**Work to complete**. From the data underneath, reproduce exactly the stretch that begins at the line with "i)) = (\<Sum>j<k." and ends after the line with "using a q_pos[of".

**Dataset records**.
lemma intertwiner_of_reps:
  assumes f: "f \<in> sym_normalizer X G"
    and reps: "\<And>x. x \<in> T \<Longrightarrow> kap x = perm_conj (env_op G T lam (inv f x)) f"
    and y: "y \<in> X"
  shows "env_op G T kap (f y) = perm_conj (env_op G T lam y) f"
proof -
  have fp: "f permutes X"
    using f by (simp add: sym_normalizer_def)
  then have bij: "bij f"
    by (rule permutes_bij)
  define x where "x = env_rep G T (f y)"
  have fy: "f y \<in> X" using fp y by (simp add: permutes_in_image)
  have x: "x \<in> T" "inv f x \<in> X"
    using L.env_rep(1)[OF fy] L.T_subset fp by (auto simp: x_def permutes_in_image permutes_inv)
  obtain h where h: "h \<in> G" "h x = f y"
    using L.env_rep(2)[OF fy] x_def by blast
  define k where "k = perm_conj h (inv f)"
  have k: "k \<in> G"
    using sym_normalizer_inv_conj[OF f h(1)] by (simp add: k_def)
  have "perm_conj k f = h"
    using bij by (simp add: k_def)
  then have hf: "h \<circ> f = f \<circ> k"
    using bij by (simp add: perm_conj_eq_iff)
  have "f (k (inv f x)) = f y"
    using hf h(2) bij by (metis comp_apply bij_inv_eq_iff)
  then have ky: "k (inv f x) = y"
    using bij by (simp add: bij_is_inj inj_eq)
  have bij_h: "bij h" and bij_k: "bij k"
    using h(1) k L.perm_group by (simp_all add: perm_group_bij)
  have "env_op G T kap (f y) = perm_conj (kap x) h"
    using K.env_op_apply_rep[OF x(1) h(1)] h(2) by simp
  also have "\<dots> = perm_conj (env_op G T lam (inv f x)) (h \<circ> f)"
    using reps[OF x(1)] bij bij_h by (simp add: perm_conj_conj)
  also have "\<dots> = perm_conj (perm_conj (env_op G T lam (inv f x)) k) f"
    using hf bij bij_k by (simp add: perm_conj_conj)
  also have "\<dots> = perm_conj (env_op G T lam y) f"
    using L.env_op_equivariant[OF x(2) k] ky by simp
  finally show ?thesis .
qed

--

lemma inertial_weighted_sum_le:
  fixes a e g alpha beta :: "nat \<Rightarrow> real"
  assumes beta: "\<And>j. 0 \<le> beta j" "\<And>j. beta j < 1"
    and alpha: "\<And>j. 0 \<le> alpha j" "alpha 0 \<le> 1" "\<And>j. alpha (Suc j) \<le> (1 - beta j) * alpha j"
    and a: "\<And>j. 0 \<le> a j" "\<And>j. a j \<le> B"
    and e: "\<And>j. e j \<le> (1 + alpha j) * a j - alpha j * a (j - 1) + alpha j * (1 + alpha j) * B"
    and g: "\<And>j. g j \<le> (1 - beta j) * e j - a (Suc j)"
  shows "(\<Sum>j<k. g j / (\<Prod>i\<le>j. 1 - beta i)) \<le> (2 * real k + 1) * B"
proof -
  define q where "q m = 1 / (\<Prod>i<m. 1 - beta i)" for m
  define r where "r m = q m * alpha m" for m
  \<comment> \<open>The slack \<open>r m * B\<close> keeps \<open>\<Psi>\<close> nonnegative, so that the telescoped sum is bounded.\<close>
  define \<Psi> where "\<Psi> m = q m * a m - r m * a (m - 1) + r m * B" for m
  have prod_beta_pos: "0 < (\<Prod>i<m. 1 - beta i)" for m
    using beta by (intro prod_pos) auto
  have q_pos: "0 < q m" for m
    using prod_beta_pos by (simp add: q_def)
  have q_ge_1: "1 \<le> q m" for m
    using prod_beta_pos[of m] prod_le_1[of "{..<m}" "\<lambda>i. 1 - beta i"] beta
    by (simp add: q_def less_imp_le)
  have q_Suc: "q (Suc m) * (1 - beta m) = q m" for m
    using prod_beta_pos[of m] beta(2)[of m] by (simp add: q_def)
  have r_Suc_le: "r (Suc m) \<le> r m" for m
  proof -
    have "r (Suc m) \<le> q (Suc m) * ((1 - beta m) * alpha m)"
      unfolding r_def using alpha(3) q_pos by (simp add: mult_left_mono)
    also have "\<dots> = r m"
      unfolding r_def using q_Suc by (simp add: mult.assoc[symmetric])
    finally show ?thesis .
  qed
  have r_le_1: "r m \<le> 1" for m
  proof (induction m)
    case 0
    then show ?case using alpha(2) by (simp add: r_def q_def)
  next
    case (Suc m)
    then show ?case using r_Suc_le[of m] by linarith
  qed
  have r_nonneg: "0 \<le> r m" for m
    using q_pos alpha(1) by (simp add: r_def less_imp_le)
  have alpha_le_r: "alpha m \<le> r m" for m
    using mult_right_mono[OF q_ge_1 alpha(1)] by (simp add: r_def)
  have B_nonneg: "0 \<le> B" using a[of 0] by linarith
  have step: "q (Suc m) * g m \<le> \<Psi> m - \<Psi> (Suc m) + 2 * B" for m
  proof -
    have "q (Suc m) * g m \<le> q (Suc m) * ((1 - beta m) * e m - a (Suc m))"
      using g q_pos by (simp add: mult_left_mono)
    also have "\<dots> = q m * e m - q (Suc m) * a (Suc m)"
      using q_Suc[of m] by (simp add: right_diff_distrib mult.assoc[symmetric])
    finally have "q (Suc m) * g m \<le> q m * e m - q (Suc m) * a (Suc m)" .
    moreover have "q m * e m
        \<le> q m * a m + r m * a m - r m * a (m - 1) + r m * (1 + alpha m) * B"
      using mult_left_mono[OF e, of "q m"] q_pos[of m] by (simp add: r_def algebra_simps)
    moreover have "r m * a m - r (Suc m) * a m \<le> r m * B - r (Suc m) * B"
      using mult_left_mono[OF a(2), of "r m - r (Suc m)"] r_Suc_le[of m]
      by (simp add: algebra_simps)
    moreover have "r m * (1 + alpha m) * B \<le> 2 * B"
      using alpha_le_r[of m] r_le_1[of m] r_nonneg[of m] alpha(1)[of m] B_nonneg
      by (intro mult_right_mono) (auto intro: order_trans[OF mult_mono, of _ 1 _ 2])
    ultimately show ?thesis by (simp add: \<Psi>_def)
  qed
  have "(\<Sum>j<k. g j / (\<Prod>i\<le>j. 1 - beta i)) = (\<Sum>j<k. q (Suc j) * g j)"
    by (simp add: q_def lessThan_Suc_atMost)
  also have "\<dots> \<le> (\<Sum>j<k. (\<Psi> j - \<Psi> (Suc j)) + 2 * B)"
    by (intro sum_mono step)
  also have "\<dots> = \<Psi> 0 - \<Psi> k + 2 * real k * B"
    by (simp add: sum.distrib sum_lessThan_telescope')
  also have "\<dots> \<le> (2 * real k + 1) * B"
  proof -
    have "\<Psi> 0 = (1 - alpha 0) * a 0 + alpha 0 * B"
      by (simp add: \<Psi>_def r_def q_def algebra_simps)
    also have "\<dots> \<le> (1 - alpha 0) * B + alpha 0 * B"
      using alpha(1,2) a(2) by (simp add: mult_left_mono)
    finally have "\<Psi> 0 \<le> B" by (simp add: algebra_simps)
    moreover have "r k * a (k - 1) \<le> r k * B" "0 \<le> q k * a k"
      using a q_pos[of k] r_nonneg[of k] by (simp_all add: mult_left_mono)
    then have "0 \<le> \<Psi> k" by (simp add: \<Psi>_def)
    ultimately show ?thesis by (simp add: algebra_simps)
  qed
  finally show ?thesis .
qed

**Result of this task**.
  have "(\<Sum>j<k. g j / (\<Prod>i\<le>j. 1 - beta i)) = (\<Sum>j<k. q (Suc j) * g j)"
    by (simp add: q_def lessThan_Suc_atMost)
  also have "\<dots> \<le> (\<Sum>j<k. (\<Psi> j - \<Psi> (Suc j)) + 2 * B)"
    by (intro sum_mono step)
  also have "\<dots> = \<Psi> 0 - \<Psi> k + 2 * real k * B"
    by (simp add: sum.distrib sum_lessThan_telescope')
  also have "\<dots> \<le> (2 * real k + 1) * B"
  proof -
    have "\<Psi> 0 = (1 - alpha 0) * a 0 + alpha 0 * B"
      by (simp add: \<Psi>_def r_def q_def algebra_simps)
    also have "\<dots> \<le> (1 - alpha 0) * B + alpha 0 * B"
      using alpha(1,2) a(2) by (simp add: mult_left_mono)
    finally have "\<Psi> 0 \<le> B" by (simp add: algebra_simps)
    moreover have "r k * a (k - 1) \<le> r k * B" "0 \<le> q k * a k"
      using a q_pos[of k] r_nonneg[of k] by (simp_all add: mult_left_mono)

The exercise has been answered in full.